Oh and yes, heat can make MS worse as can stress. But stress makes almost any illness worse, depening on the individual.
Thanks Siobhan. I must be having senior moments. I've always known what MS stands for. Comes with writing posts in the middle of the night, already exhausted, awakened by hissy spitty kitty tifts, and after splitting up the combatants, turning on the PC, to poorly write barely thought out posts or responses. Oh well.
ReplyDeleteThanks for all the websites. I do love a mystery, whether it be the mystery of disease origin or anything else.

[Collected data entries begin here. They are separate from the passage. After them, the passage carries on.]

(* Let $H$ be a Hilbert space and $T$ a densely defined closed operator on $H$. If $T$ is a quasinormal EP operator, then $(T^{*}T)^{\dagger}T\subset T(T^{*}T)^{\dagger}$.
   Context: A densely defined closed operator $T$ on $H$ is EP if $R(T)$ is closed and $R(T)=R(T^{*})$; it is quasinormal if $T(T^{*}T)=(T^{*}T)T$. For a closed operator $A$ with closed range, $C(A)=D(A)\cap N(A)^{\perp}$ and the Moore–Penrose inverse $A^{\dagger}$ is defined on $R(A)\oplus^{\perp}R(A)^{\perp}$ by $A^{\dagger}y=(A|_{C(A)})^{-1}y$ for $y\in R(A)$ and $A^{\dagger}y=0$ for $y\in R(A)^{\perp}$. Products are on natural domains; $A\subset B$ means $D(A)\subset D(B)$ and $B|_{D(A)}=A$. *)

theory Defs
  imports "HOL-Analysis.Analysis"
begin

text \<open>The library has no complex inner product spaces, so we introduce the class of
complex Hilbert spaces: a real Banach space carrying a compatible complex scalar
multiplication and a sesquilinear inner product (linear in the second argument)
whose induced norm is the given norm.\<close>

class complex_hilbert = banach +
  fixes scaleC :: "complex \<Rightarrow> 'a \<Rightarrow> 'a"
    and cinner :: "'a \<Rightarrow> 'a \<Rightarrow> complex"
  assumes scaleC_add_right: "scaleC a (x + y) = scaleC a x + scaleC a y"
    and scaleC_add_left: "scaleC (a + b) x = scaleC a x + scaleC b x"
    and scaleC_scaleC: "scaleC a (scaleC b x) = scaleC (a * b) x"
    and scaleC_one: "scaleC 1 x = x"
    and scaleR_scaleC: "scaleR r x = scaleC (complex_of_real r) x"
    and cinner_cnj: "cinner x y = cnj (cinner y x)"
    and cinner_add_left: "cinner (x + y) z = cinner x z + cinner y z"
    and cinner_scaleC_left: "cinner (scaleC a x) y = cnj a * cinner x y"
    and cinner_self_norm: "cinner x x = complex_of_real ((norm x)\<^sup>2)"
(* Let $(V,\leq)$ be a countably infinite partially ordered set and let $(V,E)$ be a directed acyclic graph whose transitive closure induces $\leq$ (i.e. for $x\neq y$, $x\leq y$ if and only if there is a directed path in $(V,E)$ from $x$ to $y$). Let $\mu_1,\mu_2$ be probability measures on $V$. The following statements are equivalent: (1) $\mu_1\preceq\mu_2$; (2) there exists a coupling between $\mu_1$ and $\mu_2$ which is compatible with $\leq$; (3) there exists a finitely decomposable flow $Q$ on $(V,E)$ such that $\operatorname{div}Q=\mu_1-\mu_2$.
   Context: Digraphs have no loops. A coupling between probability measures $\mu_1,\mu_2$ on $V$ is a probability measure $\rho$ on $V\times V$ with $\sum_{y}\rho(x,y)=\mu_1(x)$ and $\sum_x\rho(x,y)=\mu_2(y)$ for all $x,y$; it is compatible with $\leq$ if $\rho(\{(x,y):x\leq y\})=1$. $\mu_1\preceq\mu_2$ means $\mathbb E_{\mu_1}(f)\leq\mathbb E_{\mu_2}(f)$ for every bounded increasing $f:V\to\mathbb R$. A flow on $(V,E)$ is a map $Q:E\to[0,+\infty)$; its divergence is $\operatorname{div}Q(x)=\sum_{y:(x,y)\in E}Q(x,y)-\sum_{y:(y,x)\in E}Q(y,x)$, defined when both series converge for every $x$. For a directed path $\gamma=(x_0,\dots,x_n)$ let $Q_\gamma(x,y)=1$ if $(x,y)=(x_i,x_{i+1})$ for some $i$ and $0$ otherwise. A path is self-avoiding if its vertices are pairwise distinct. A flow $Q$ is finitely decomposable if there exist a countable family $\{\gamma_n\}$ of finite self-avoiding directed paths in $(V,E)$ and weights $q_n\ge 0$ with $\sum_n q_n<+\infty$ such that $Q=\sum_n q_nQ_{\gamma_n}$ pointwise on $E$. *)

theory Defs
  imports "HOL-Probability.Probability"
begin

definition stoch_le :: "('a::order) pmf \<Rightarrow> 'a pmf \<Rightarrow> bool" where
  "stoch_le \<mu>1 \<mu>2 \<longleftrightarrow>
     (\<forall>f :: 'a \<Rightarrow> real. bounded (range f) \<longrightarrow> mono f \<longrightarrow>
        measure_pmf.expectation \<mu>1 f \<le> measure_pmf.expectation \<mu>2 f)"

definition is_coupling :: "('a \<times> 'a) pmf \<Rightarrow> 'a pmf \<Rightarrow> 'a pmf \<Rightarrow> bool" where
  "is_coupling \<rho> \<mu>1 \<mu>2 \<longleftrightarrow> map_pmf fst \<rho> = \<mu>1 \<and> map_pmf snd \<rho> = \<mu>2"

definition order_compatible :: "(('a::order) \<times> 'a) pmf \<Rightarrow> bool" where
  "order_compatible \<rho> \<longleftrightarrow> measure_pmf.prob \<rho> {(x, y). x \<le> y} = 1"

text \<open>A flow on (V,E): nonnegative values on the edges (values off E are irrelevant).\<close>
definition is_flow :: "('a \<times> 'a) set \<Rightarrow> ('a \<Rightarrow> 'a \<Rightarrow> real) \<Rightarrow> bool" where
  "is_flow E Q \<longleftrightarrow> (\<forall>x y. (x, y) \<in> E \<longrightarrow> Q x y \<ge> 0)"

definition div_defined :: "('a \<times> 'a) set \<Rightarrow> ('a \<Rightarrow> 'a \<Rightarrow> real) \<Rightarrow> 'a \<Rightarrow> bool" where
  "div_defined E Q x \<longleftrightarrow>
     (\<lambda>y. Q x y) summable_on {y. (x, y) \<in> E} \<and> (\<lambda>y. Q y x) summable_on {y. (y, x) \<in> E}"

definition divergence :: "('a \<times> 'a) set \<Rightarrow> ('a \<Rightarrow> 'a \<Rightarrow> real) \<Rightarrow> 'a \<Rightarrow> real" where
  "divergence E Q x = (\<Sum>\<^sub>\<infinity>y\<in>{y. (x, y) \<in> E}. Q x y) - (\<Sum>\<^sub>\<infinity>y\<in>{y. (y, x) \<in> E}. Q y x)"

definition directed_path :: "('a \<times> 'a) set \<Rightarrow> 'a list \<Rightarrow> bool" where
  "directed_path E \<gamma> \<longleftrightarrow> \<gamma> \<noteq> [] \<and> (\<forall>i. Suc i < length \<gamma> \<longrightarrow> (\<gamma> ! i, \<gamma> ! Suc i) \<in> E)"

definition self_avoiding :: "'a list \<Rightarrow> bool" where
  "self_avoiding \<gamma> \<longleftrightarrow> distinct \<gamma>"

definition path_flow :: "'a list \<Rightarrow> 'a \<Rightarrow> 'a \<Rightarrow> real" where
  "path_flow \<gamma> x y = (if \<exists>i. Suc i < length \<gamma> \<and> \<gamma> ! i = x \<and> \<gamma> ! Suc i = y then 1 else 0)"

definition finitely_decomposable :: "('a \<times> 'a) set \<Rightarrow> ('a \<Rightarrow> 'a \<Rightarrow> real) \<Rightarrow> bool" where
  "finitely_decomposable E Q \<longleftrightarrow>
     (\<exists>(I :: nat set) (\<gamma> :: nat \<Rightarrow> 'a list) (q :: nat \<Rightarrow> real).
        (\<forall>n\<in>I. directed_path E (\<gamma> n) \<and> self_avoiding (\<gamma> n) \<and> q n \<ge> 0) \<and>
        q summable_on I \<and>
        (\<forall>x y. (x, y) \<in> E \<longrightarrow> ((\<lambda>n. q n * path_flow (\<gamma> n) x y) has_sum Q x y) I))"

end

theory Submission
  imports Defs
begin

text \<open>
  (1) \<Longrightarrow> (2) is Strassen's theorem for discrete measures. For a finite set F, lumping all mass
  outside F into one extra point that is related to everything gives a finite supply-demand
  problem whose Hall condition (the mass of A under \<open>\<mu>1\<close> is at most the mass of the up-set of A
  under \<open>\<mu>2\<close>) is stochastic domination; it is solved by pushing mass along edges until a source,
  a sink or a set of sources becomes tight. The resulting approximate couplings satisfy their
  marginal constraints up to the tail masses outside F. These are closed conditions on the
  compact cube of [0,1]-valued functions on V \<times> V and they shrink as F grows, so some r satisfies
  all of them; r is then a coupling supported on the pairs x \<le> y.
  (2) \<Longrightarrow> (3): route the mass \<open>\<rho>(x, y)\<close> along a directed path from x to y; the divergence of the
  superposition is the difference of the marginals.
  (3) \<Longrightarrow> (1): summing a bounded f against the divergence path by path gives
  \<open>E\<^sub>\<mu>\<^sub>1 f - E\<^sub>\<mu>\<^sub>2 f\<close> as the sum of \<open>q\<^sub>\<gamma> (f(start \<gamma>) - f(end \<gamma>))\<close>, which is nonpositive for
  increasing f because directed paths go up in the order.
\<close>

section \<open>Finite transport problems\<close>

definition neighbours :: "('s \<Rightarrow> 't \<Rightarrow> bool) \<Rightarrow> 't set \<Rightarrow> 's set \<Rightarrow> 't set" where
  "neighbours R T A = {t\<in>T. \<exists>s\<in>A. R s t}"

definition transport_feasible ::
    "'s set \<Rightarrow> 't set \<Rightarrow> ('s \<Rightarrow> 't \<Rightarrow> bool) \<Rightarrow> ('s \<Rightarrow> real) \<Rightarrow> ('t \<Rightarrow> real) \<Rightarrow> bool" where
  "transport_feasible S T R a b \<longleftrightarrow> finite S \<and> finite T \<and> (\<forall>s\<in>S. 0 \<le> a s) \<and> (\<forall>t\<in>T. 0 \<le> b t)
     \<and> sum a S = sum b T \<and> (\<forall>A\<subseteq>S. sum a A \<le> sum b (neighbours R T A))"

definition transport_plan :: "'s set \<Rightarrow> 't set \<Rightarrow> ('s \<Rightarrow> 't \<Rightarrow> bool) \<Rightarrow> ('s \<Rightarrow> real) \<Rightarrow>
    ('t \<Rightarrow> real) \<Rightarrow> ('s \<Rightarrow> 't \<Rightarrow> real) \<Rightarrow> bool" where
  "transport_plan S T R a b f \<longleftrightarrow> (\<forall>s t. 0 \<le> f s t)
     \<and> (\<forall>s t. f s t \<noteq> 0 \<longrightarrow> s \<in> S \<and> t \<in> T \<and> R s t)
     \<and> (\<forall>s\<in>S. sum (f s) T = a s) \<and> (\<forall>t\<in>T. (\<Sum>s\<in>S. f s t) = b t)"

I'm sorry you lost your cousin to such a horrible disease. I quit eating beef long ago, realizing how unhealthy it is. I don't believe in most conspiracy theory stuff. What I do know is people with money at stake will often go to great unethical lengths, disregarding all others, to maintain their own wealth.
Anyhow, get back to work! Hey, have you read about Oregon's own Senator Ron Wyden, who has proposed what many see as a workable universal health care plan. I don't know many details, but to hear his name and what he is attempting, and know he's from Oregon, makes me feel very proud.